**Exercise requirements**. Show all lines below holding the string "orthants".
= Beginning of Section =
(* Let $\mathbf{a}\in\mathbb{Z}_{>0}^n$ and let $\epsilon,\delta$ satisfy $0<\epsilon<\delta<\dfrac{0.1}{n\,2^n\|\mathbf{a}\|_1}$. Then $$\left[\frac{(n-1)!}{\epsilon}\,\mathrm{Vol}\Big(\big(C(\delta\mathbf{a},1)\cap C(\mathbf{0},1+\epsilon)\big)\setminus C(\mathbf{0},1)\Big)\right]=\big|\{\boldsymbol\sigma\in\{-1,1\}^n:\langle\boldsymbol\sigma,\mathbf{a}\rangle>0\}\big|,$$ where $[x]$ denotes the integer nearest to $x$.
   Context: For $\mathbf{c}\in\mathbb{R}^n$, $r\ge 0$, $C(\mathbf{c},r)=\{\mathbf{x}\in\mathbb{R}^n:\|\mathbf{x}-\mathbf{c}\|_1\le r\}$. $\langle\mathbf{u},\mathbf{v}\rangle=\sum_iu_iv_i$. *)

theory Defs
  imports "HOL-Analysis.Analysis"
begin

definition l1ball :: "real^'n \<Rightarrow> real \<Rightarrow> (real^'n) set" where
  "l1ball c r = {x. (\<Sum>i\<in>UNIV. \<bar>x $ i - c $ i\<bar>) \<le> r}"

end

theory Submission
  imports Defs
begin

text \<open>
  Split the region \<open>S = (C(\<delta>a,1) \<inter> C(0,1+\<epsilon>)) - C(0,1)\<close> by the sign pattern \<open>\<sigma>\<close> of its points.
  On the orthant of \<open>\<sigma>\<close> one has \<open>\<parallel>x - \<delta>a\<parallel>\<^sub>1 \<ge> \<parallel>x\<parallel>\<^sub>1 - \<delta>\<langle>\<sigma>,a\<rangle>\<close>, with equality once \<open>\<sigma>\<^sub>i x\<^sub>i \<ge> \<delta>a\<^sub>i\<close>
  for all \<open>i\<close>. Hence only orthants with \<open>\<langle>\<sigma>,a\<rangle> > 0\<close> meet \<open>S\<close>, each such piece lies in the
  reflected simplex slab \<open>1 < \<parallel>x\<parallel>\<^sub>1 \<le> 1+\<epsilon>\<close> of volume \<open>((1+\<epsilon>)\<^sup>n - 1)/n!\<close>, and, because
  \<open>\<langle>\<sigma>,a\<rangle> \<ge> 1\<close> for integral \<open>a\<close>, it contains a reflected and translated slab of volume
  \<open>((b+\<epsilon>)\<^sup>n - b\<^sup>n)/n!\<close> with \<open>b = 1 - \<delta>\<parallel>a\<parallel>\<^sub>1\<close>; these are pairwise disjoint. Both volumes equal
  \<open>\<epsilon>/(n-1)!\<close> up to a relative error \<open>O(n\<delta>\<parallel>a\<parallel>\<^sub>1)\<close>, and as there are at most \<open>2\<^sup>n\<close> orthants the
  total error after scaling by \<open>(n-1)!/\<epsilon>\<close> stays below \<open>1/2\<close>.
\<close>

lemma emeasure_scaled_std_simplex:
  assumes "0 \<le> t"
  shows "emeasure lborel {x::'a::euclidean_space. (\<forall>i\<in>Basis. 0 \<le> x \<bullet> i) \<and> sum ((\<bullet>) x) Basis \<le> t} =
           ennreal (t ^ DIM('a) / fact DIM('a))"
proof -
  have "emeasure lborel {x::'a. (\<forall>i\<in>Basis. 0 \<le> x \<bullet> i) \<and> sum ((\<bullet>) x) Basis \<le> t} =
          emeasure (distr (Pi\<^sub>M Basis (\<lambda>b. lborel)) borel (\<lambda>f. \<Sum>b\<in>Basis. f b *\<^sub>R b))
            {x::'a. (\<forall>i\<in>Basis. 0 \<le> x \<bullet> i) \<and> sum ((\<bullet>) x) Basis \<le> t}"
    by (subst lborel_eq) simp
  also have "\<dots> = emeasure (Pi\<^sub>M Basis (\<lambda>b. lborel))
                    ({y::'a \<Rightarrow> real. (\<forall>i\<in>Basis. 0 \<le> y i) \<and> sum y Basis \<le> t} \<inter>
                      space (Pi\<^sub>M Basis (\<lambda>b. lborel)))"
    by (subst emeasure_distr) auto
  also have "\<dots> = ennreal (t ^ DIM('a) / fact DIM('a))"
    using assms by (subst emeasure_std_simplex_aux) auto
  finally show ?thesis .
qed

definition corner_simplex :: "real \<Rightarrow> (real^'n) set" where
  "corner_simplex t = {y. (\<forall>i. 0 \<le> y $ i) \<and> (\<Sum>i\<in>UNIV. y $ i) \<le> t}"

lemma closed_corner_simplex: "closed (corner_simplex t)"
proof -
  have "corner_simplex t = (\<Inter>i. {y. 0 \<le> y $ i}) \<inter> {y. (\<Sum>i\<in>UNIV. y $ i) \<le> t}"
    by (auto simp: corner_simplex_def)
  moreover have "closed {y::real^'n. 0 \<le> y $ i}" for i
    by (intro closed_Collect_le continuous_intros)
  moreover have "closed {y::real^'n. (\<Sum>i\<in>UNIV. y $ i) \<le> t}"
    by (intro closed_Collect_le continuous_intros)
  ultimately show ?thesis
    by (metis closed_INT closed_Int)
qed

lemma emeasure_corner_simplex:
  assumes "0 \<le> t"
  shows "emeasure lborel (corner_simplex t :: (real^'n) set) = ennreal (t ^ CARD('n) / fact CARD('n))"
proof -
  have Basis_eq: "(Basis :: (real^'n) set) = range (\<lambda>i. axis i 1)"
    by (auto simp: Basis_vec_def)
  have Basis_sum: "(\<Sum>b\<in>Basis. x \<bullet> b) = (\<Sum>i\<in>UNIV. x $ i)" for x :: "real^'n"
    unfolding Basis_eq by (subst sum.reindex) (auto simp: inj_on_def axis_eq_axis inner_axis)
  have "corner_simplex t = {x::real^'n. (\<forall>i\<in>Basis. 0 \<le> x \<bullet> i) \<and> sum ((\<bullet>) x) Basis \<le> t}"
    by (simp add: corner_simplex_def Basis_sum) (auto simp: Basis_eq inner_axis)
  then show ?thesis
    using emeasure_scaled_std_simplex[OF assms, where 'a="real^'n"] by simp
qed

definition simplex_shell :: "real \<Rightarrow> real \<Rightarrow> (real^'n) set" where
  "simplex_shell r1 r2 = corner_simplex r2 - corner_simplex r1"

lemma mem_simplex_shell:
  "y \<in> simplex_shell r1 r2 \<longleftrightarrow> (\<forall>i. 0 \<le> y $ i) \<and> r1 < (\<Sum>i\<in>UNIV. y $ i) \<and> (\<Sum>i\<in>UNIV. y $ i) \<le> r2"
  by (auto simp: simplex_shell_def corner_simplex_def)

lemma simplex_shell_sets: "simplex_shell r1 r2 \<in> sets borel"
  unfolding simplex_shell_def using closed_corner_simplex by (intro sets.Diff borel_closed)

lemma fmeasurable_simplex_shell:
  assumes "0 \<le> r2"
  shows "simplex_shell r1 r2 \<in> fmeasurable lborel"
proof -
  have "corner_simplex r2 \<in> fmeasurable lborel"
    using closed_corner_simplex
    by (intro fmeasurableI) (auto intro: borel_closed simp: emeasure_corner_simplex[OF assms])
  then show ?thesis
    by (rule fmeasurableI2[OF _ _ simplex_shell_sets[folded sets_lborel]]) (auto simp: simplex_shell_def)
qed

lemma measure_simplex_shell:
  assumes "0 \<le> r1" "r1 \<le> r2"
  shows "measure lborel (simplex_shell r1 r2 :: (real^'n) set) =
           (r2 ^ CARD('n) - r1 ^ CARD('n)) / fact CARD('n)"
proof -
  have simplex: "measure lborel (corner_simplex r :: (real^'n) set) = r ^ CARD('n) / fact CARD('n)"
    if "0 \<le> r" for r
    using emeasure_corner_simplex[OF that, where 'n='n] that by (simp add: measure_def)
  have "corner_simplex r1 \<subseteq> (corner_simplex r2 :: (real^'n) set)"
    using assms(2) by (auto simp: corner_simplex_def)
  then have "measure lborel (simplex_shell r1 r2 :: (real^'n) set) =
               measure lborel (corner_simplex r2 :: (real^'n) set) - measure lborel (corner_simplex r1 :: (real^'n) set)"
    unfolding simplex_shell_def using assms closed_corner_simplex
    by (intro measure_Diff) (auto simp: emeasure_corner_simplex intro: borel_closed)
  then show ?thesis
    using assms simplex by (simp add: diff_divide_distrib)
qed

lemma closed_l1ball: "closed (l1ball c r)"
  unfolding l1ball_def by (intro closed_Collect_le continuous_intros)

definition sign_shift :: "real^'n \<Rightarrow> real^'n \<Rightarrow> real^'n \<Rightarrow> real^'n" where
  "sign_shift s t x = (\<chi> i. s $ i * x $ i + t $ i)"

lemma sign_shift_measurable [measurable]: "sign_shift s t \<in> borel \<rightarrow>\<^sub>M borel"
  unfolding sign_shift_def
  by (intro borel_measurable_continuous_onI continuous_intros continuous_on_vec_lambda)

lemma distr_lborel_sign_shift:
  fixes s t :: "real^'n"
  assumes "\<And>i. \<bar>s $ i\<bar> = 1"
  shows "distr lborel borel (sign_shift s t) = lborel"
proof -
  define c where "c j = s \<bullet> j" for j :: "real^'n"
  have c: "\<bar>c j\<bar> = 1" if "j \<in> Basis" for j
    using assms that by (auto simp: c_def Basis_vec_def inner_axis)
  have "sign_shift s t x = t + (\<Sum>j\<in>Basis. (c j * (x \<bullet> j)) *\<^sub>R j)" for x
  proof -
    have "(\<Sum>j\<in>Basis. (c j * (x \<bullet> j)) *\<^sub>R j) = (\<Sum>j\<in>Basis. ((\<chi> i. s $ i * x $ i) \<bullet> j) *\<^sub>R j)"
      by (intro sum.cong) (auto simp: c_def Basis_vec_def inner_axis)
    then show ?thesis
      by (simp add: euclidean_representation sign_shift_def vec_eq_iff)
  qed
  then have "sign_shift s t = (\<lambda>x. t + (\<Sum>j\<in>Basis. (c j * (x \<bullet> j)) *\<^sub>R j))"
    by blast
  moreover have "lborel = density (distr lborel borel \<dots>) (\<lambda>_. \<Prod>j\<in>Basis. \<bar>c j\<bar>)"
    using c by (intro lborel_affine_euclidean) fastforce
  ultimately show ?thesis
    using c by (simp add: density_1)
qed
= End of Section =
**Answer box**.
  for all \<open>i\<close>. Hence only orthants with \<open>\<langle>\<sigma>,a\<rangle> > 0\<close> meet \<open>S\<close>, each such piece lies in the
  \<open>\<epsilon>/(n-1)!\<close> up to a relative error \<open>O(n\<delta>\<parallel>a\<parallel>\<^sub>1)\<close>, and as there are at most \<open>2\<^sup>n\<close> orthants the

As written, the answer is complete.